Musically, the album has some electronic/pop stuff which (I think) is a little different for you. As someone who has spent most of their career playing a guitar, what inspired you to work in synths/drum machines and what was the writing/recording experience like compared to what you usually do?
I have always wanted to make more pop-focused music but never quite knew how. I also always wanted to learn the piano but we were too poor growing up to afford lessons or a piano so I abandoned that desire early on. However, a co-worker of mine gave me a keyboard a few years ago and I began to dabble with writing songs with the keys, playing around with tones and pre-programmed rhythms.

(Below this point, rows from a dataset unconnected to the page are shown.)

lemma envelope_joint_pdf_eq:
  fixes p vA vB rA rB :: real
  assumes p: "p > 0" and A: "vA > 0" and B: "vB > 0"
  defines "D \<equiv> vA * vB + p * (vA + vB)"
  shows "envelope_joint_pdf p vA vB rA rB =
    8 * rA * rB * exp (- (p * (rB - rA)\<^sup>2 + vB * rA\<^sup>2 + vA * rB\<^sup>2) / D) / (pi * D)
      * exp_sin_sq_integral (2 * p * rA * rB / D)"
proof -
  have D: "D > 0"
    using p A B by (simp add: D_def add_pos_pos)
  define C where "C = exp (- ((p + vB) * rA\<^sup>2 + (p + vA) * rB\<^sup>2) / D) / (pi\<^sup>2 * D)"
  define z where "z = 2 * p * rA * rB / D"
  have polar: "joint_chan_pdf p vA vB (complex_of_real rA * cis tA) (complex_of_real rB * cis tB)
      = C * exp (z * cos (tB - tA))" for tA tB
  proof -
    have "- ((p + vB) * rA\<^sup>2 + (p + vA) * rB\<^sup>2 - 2 * p * (rA * rB * cos (tB - tA))) / D
        = - ((p + vB) * rA\<^sup>2 + (p + vA) * rB\<^sup>2) / D + z * cos (tB - tA)"
      using D by (simp add: z_def field_simps)
    then show ?thesis
      unfolding joint_chan_pdf_eq[OF p A B] D_def[symmetric] C_def
      by (simp add: norm_mult cos_diff exp_add algebra_simps)
  qed
  have inner: "(LBINT tB=0..2*pi. exp (z * cos (tB - tA))) = 4 * exp z * exp_sin_sq_integral z" for tA
    using interval_integral_shift[of "\<lambda>t. exp (z * cos t)" 0 "2*pi" "- tA"]
      interval_integral_periodic[of "\<lambda>t. exp (z * cos t)" "2*pi" "- tA"] interval_integral_exp_cos
    by (simp add: zero_ereal_def continuous_intros)
  have exponent: "- ((p + vB) * rA\<^sup>2 + (p + vA) * rB\<^sup>2) / D + z
      = - (p * (rB - rA)\<^sup>2 + vB * rA\<^sup>2 + vA * rB\<^sup>2) / D"
    using D by (simp add: z_def field_simps power2_eq_square)
  have "envelope_joint_pdf p vA vB rA rB
      = rA * rB * (LBINT tA=0..2*pi. (LBINT tB=0..2*pi. C * exp (z * cos (tB - tA))))"
    unfolding envelope_joint_pdf_def polar ..
  also have "\<dots> = rA * rB * (2 * pi * (C * (4 * exp z * exp_sin_sq_integral z)))"
    by (simp add: inner) (simp add: zero_ereal_def)
  also have "\<dots> = 8 * rA * rB * (exp (- ((p + vB) * rA\<^sup>2 + (p + vA) * rB\<^sup>2) / D) * exp z) / (pi * D)
      * exp_sin_sq_integral z"
    by (simp add: C_def power2_eq_square)
  finally show ?thesis
    unfolding mult_exp_exp exponent by (simp only: z_def)
qed

lemma sin_ge_cubic:
  fixes s :: real
  assumes "0 \<le> s"
  shows "s - s ^ 3 / 6 \<le> sin s"
proof -
  have "(\<Sum>m<3. sin_coeff m * s ^ m) = s"
    by (simp add: eval_nat_numeral sin_coeff_def)
  then have "\<bar>sin s - s\<bar> \<le> inverse (fact 3) * \<bar>s\<bar> ^ 3"
    using Maclaurin_sin_bound[of s 3] by simp
  moreover have "inverse (fact 3) * \<bar>s\<bar> ^ 3 = s ^ 3 / 6"
    using assms by (simp add: eval_nat_numeral)
  ultimately show ?thesis
    by (simp only: abs_le_iff) linarith
qed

I really loved the way writing with a different instrument inspired totally different songs and it felt like fulfilling a childhood dream! So I took the ones I had written and Matt helped find more appropriate tones and next-level drums. When we finished "Prayer For Lonely People" I was ecstatic. I was like, “THIS IS THE SONG I HAVE ALWAYS WANTED TO WRITE!” I made him mix sub-bass into a few tracks because I’m obsessed with it even though you probably won’t be able to experience that unless you’re bumping a sad-ass song through your car stereo haha. My partner and I recently inherited a Fender Rhodes and I’ve been practicing and learning songs on the piano so I think you’ll hear more of this kind of thing in the future.
Anything else you'd like to add about the album that I haven't asked?
I’d like to add that I hope this record can be a friend and catharsis to anyone who is processing loss. And a thank you to everyone who was a part of making it.